Still hungry? The battle between Orlando Food Not Bombs and the city, once a frequent theme of the pages of both Orlando Weekly and the Orlando Sentinel, has settled into a mellow stalemate. The group, having nearly run out of volunteers willing to get arrested for sharing food with the homeless at Lake Eola Park, decided in early July to take Mayor Buddy Dyer up on his offer to hold its food sharings in front of City Hall. The group regards the setup as temporary, given that the City Hall courtyard does not feature bathrooms or running water. But for now, the battlefield is quiet – a good thing for weary reporters hoping to move on to fresher subjects.

Yet there’s at least one media outlet that seems unable to tear itself from the fiasco, reality be damned.
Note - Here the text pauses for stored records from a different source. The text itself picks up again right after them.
lemma transplant_std_eigenfun:
  fixes G0 :: "('v, 'e) mgraph"
  assumes G0: "compact_mgraph G0" and ab: "a \<in> verts G0" "b \<in> verts G0" "a \<noteq> b"
    and F: "std_eigenfun (glued G1 G2 G0 p1 p2 a b) lam F"
  shows "std_eigenfun (glued G1 G2 G0 p1 p2 b a) lam (transplant F)"
    and "transplant (transplant F) = F"
proof -
  have parts: "glued_parts G1 G2 G0 p1 p2 a b (of_real lam) F"
    using F std_sol_glued_imp_parts[OF G1 G2 G0 p1 p2 ab] by (simp add: std_eigenfun_iff)
  show "std_eigenfun (glued G1 G2 G0 p1 p2 b a) lam (transplant F)"
    using F glued_parts_imp_std_sol[OF G1 G2 G0 p1 p2 ab(2,1) ab(3)[symmetric] transplant_parts(1)[OF parts]]
    by (simp add: std_eigenfun_iff vanishes_off_transplant[of G0 a b F b a])
  show "transplant (transplant F) = F" by (rule transplant_involutive[OF parts])
qed

lemma transplant_lincomb:
  assumes "\<And>i. i < n \<Longrightarrow> helmholtz (glued G1 G2 G0 p1 p2 a b) z (F i) (D i)"
  shows "transplant (\<lambda>E x. \<Sum>i<n. c i * F i E x) = (\<lambda>E x. \<Sum>i<n. c i * transplant (F i) E x)"
proof -
  have "coord1 (\<lambda>E x. \<Sum>i<n. c i * F i E x) = (\<Sum>i<n. c i * coord1 (F i))"
    "coord2 (\<lambda>E x. \<Sum>i<n. c i * F i E x) = (\<Sum>i<n. c i * coord2 (F i))"
  proof -
    have "\<And>i. i < n \<Longrightarrow> helmholtz G1 z (\<lambda>e. F i (Inl e)) (\<lambda>e. D i (Inl e))"
      "\<And>i. i < n \<Longrightarrow> helmholtz G2 z (\<lambda>e. F i (Inr (Inl e))) (\<lambda>e. D i (Inr (Inl e)))"
      using helmholtz_glued_parts(1,2)[OF assms] by blast+
    from boundary_coord_lincomb[where f = "\<lambda>i e. F i (Inl e)" and D = "\<lambda>i e. D i (Inl e)", OF G1 this(1)]
      boundary_coord_lincomb[where f = "\<lambda>i e. F i (Inr (Inl e))" and D = "\<lambda>i e. D i (Inr (Inl e))",
        OF G2 this(2)]
    show "coord1 (\<lambda>E x. \<Sum>i<n. c i * F i E x) = (\<Sum>i<n. c i * coord1 (F i))"
      "coord2 (\<lambda>E x. \<Sum>i<n. c i * F i E x) = (\<Sum>i<n. c i * coord2 (F i))"
      unfolding coord1_def coord2_def by simp_all
  qed
  then show ?thesis
    unfolding transplant_def
    by (intro ext) (simp add: sum_distrib_right sum_subtractf sum.distrib algebra_simps)
qed

lemma transplant_zero: "transplant (\<lambda>E x. 0) = (\<lambda>E x. 0)"
  using boundary_coord_zero[OF G1] boundary_coord_zero[OF G2]
  by (simp add: transplant_def coord1_def coord2_def)

end

lemma std_eigenfun_lincomb:
  assumes F: "\<And>i. i < n \<Longrightarrow> std_eigenfun G lam (F i)"
  shows "std_eigenfun G lam (\<lambda>E x. \<Sum>i<n. c i * F i E x)"
proof -
  have "\<forall>i. \<exists>t. i < n \<longrightarrow> helmholtz G (of_real lam) (F i) (snd t) \<and> vertex_continuous G (F i) (fst t) \<and>
      (\<forall>v\<in>verts G. out_deriv G (snd t) v = 0)"
    using F unfolding std_eigenfun_def by fastforce
  then obtain T where T: "\<And>i. i < n \<Longrightarrow> helmholtz G (of_real lam) (F i) (snd (T i)) \<and>
      vertex_continuous G (F i) (fst (T i)) \<and> (\<forall>v\<in>verts G. out_deriv G (snd (T i)) v = 0)"
    by metis
  have "helmholtz G (of_real lam) (\<lambda>E x. \<Sum>i<n. c i * F i E x) (\<lambda>E x. \<Sum>i<n. c i * snd (T i) E x)"
    by (rule helmholtz_lincomb) (use T in auto)
  moreover have "vertex_continuous G (\<lambda>E x. \<Sum>i<n. c i * F i E x) (\<lambda>v. \<Sum>i<n. c i * fst (T i) v)"
    using T unfolding vertex_continuous_def by auto
  moreover have "\<forall>v\<in>verts G. out_deriv G (\<lambda>E x. \<Sum>i<n. c i * snd (T i) E x) v = 0"
    using T by (simp add: out_deriv_lincomb)
  moreover have "vanishes_off G (\<lambda>E x. \<Sum>i<n. c i * F i E x)"
    using F unfolding std_eigenfun_iff vanishes_off_def by auto
  ultimately show ?thesis unfolding std_eigenfun_iff std_sol_def by blast
qed

context transplant_setting
begin

text \<open>The transplantation is a linear injection between the eigenspaces.\<close>
lemma multiplicity_glued_le:
  fixes G0 :: "('v, 'e) mgraph"
  assumes G0: "compact_mgraph G0" and ab: "a \<in> verts G0" "b \<in> verts G0" "a \<noteq> b"
  shows "multiplicity_std (glued G1 G2 G0 p1 p2 a b) lam \<le> multiplicity_std (glued G1 G2 G0 p1 p2 b a) lam"
  unfolding multiplicity_std_def
proof (rule Sup_subset_mono, rule subsetI)
  let ?G = "glued G1 G2 G0 p1 p2 a b" and ?G' = "glued G1 G2 G0 p1 p2 b a"
  note T = transplant_std_eigenfun[OF G0 ab]
  fix m assume "m \<in> {enat n |n. \<exists>fs. (\<forall>i<n. std_eigenfun ?G lam (fs i)) \<and> lin_indep_family n fs}"
  then obtain n fs where m: "m = enat n" and fs: "\<And>i. i < n \<Longrightarrow> std_eigenfun ?G lam (fs i)"
    and indep: "lin_indep_family n fs" by blast
  have "\<forall>i. \<exists>D. i < n \<longrightarrow> helmholtz ?G (of_real lam) (fs i) D"
    using fs unfolding std_eigenfun_def by blast
  then obtain D where D: "\<And>i. i < n \<Longrightarrow> helmholtz ?G (of_real lam) (fs i) (D i)" by metis
  have "lin_indep_family n (\<lambda>i. transplant (fs i))"
    unfolding lin_indep_family_def
  proof (intro allI impI)
    fix c :: "nat \<Rightarrow> complex" and i
    assume zero: "\<forall>e x. (\<Sum>i<n. c i * transplant (fs i) e x) = 0" and i: "i < n"
    define F where "F = (\<lambda>E x. \<Sum>i<n. c i * fs i E x)"
    have "transplant F = (\<lambda>E x. \<Sum>i<n. c i * transplant (fs i) E x)"
      unfolding F_def by (rule transplant_lincomb[OF D])
    also have "\<dots> = (\<lambda>E x. 0)" using zero by auto
    finally have "transplant F = (\<lambda>E x. 0)" .
    then have "F = transplant (\<lambda>E x. 0)"
      using T(2)[OF std_eigenfun_lincomb[where F = fs and n = n and c = c, OF fs, folded F_def]] by simp
    then have "\<forall>e x. (\<Sum>i<n. c i * fs i e x) = 0"
      unfolding transplant_zero F_def by (simp add: fun_eq_iff)
    then show "c i = 0" using indep i unfolding lin_indep_family_def by blast
  qed
  moreover have "\<forall>i<n. std_eigenfun ?G' lam (transplant (fs i))"
    using T(1)[OF fs] by simp
  ultimately show "m \<in> {enat n |n. \<exists>fs. (\<forall>i<n. std_eigenfun ?G' lam (fs i)) \<and> lin_indep_family n fs}"
    unfolding m by (intro CollectI exI[of _ n] conjI refl exI[of _ "\<lambda>i. transplant (fs i)"])
qed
On July 28, WFTV Channel 9 reported that “in the last month … there have been at least 10 break-ins in the Thornton Park neighborhood.” That may indeed be true, but what caught our eye was that a full 22 days after the last food sharing at Lake Eola Park, the report was also built on this shaky bridge: “Residents said they believe the homeless meals at Lake Eola are to blame.”

Really? “Nervous” resident Maureen Cavanaugh Berry reported witnessing a break-in on July 26, but the Channel 9 story conveniently omitted that she didn’t believe that the homeless or the food sharings were to blame. “I know that Channel 9 wanted to slant its story to make it sound like it’s a homeless problem,” Berry told Happytown™. “[But] what I saw was a much more sophisticated level of theft. There was a car that came with him. When I think of homeless people, they’re pushing carts.

The other person quoted in the story, real-estate agent Pat Skiffington, found a squatter inside one of his properties early last month. He blames the food sharings – “[The homeless are] still congregating at Lake Eola, whether they’re feeding there or not,” he says – but also reports that the homeless only started appearing “en masse” and making trouble in Thornton Park around September of last year. Why so late, if the Orlando Food Not Bombs had been feeding the homeless downtown since 2006? Skiffington didn’t have an answer, but we have a suggestion: Florida’s employment rate was 11.7 percent that month – the highest since 1975. It was also the first month in which banks foreclosed on more than 100,000 properties nationwide. If we’re going to make sweeping theories dealing with cause and effect, let’s at least try to make some sense. Nah, let’s just start a class war instead.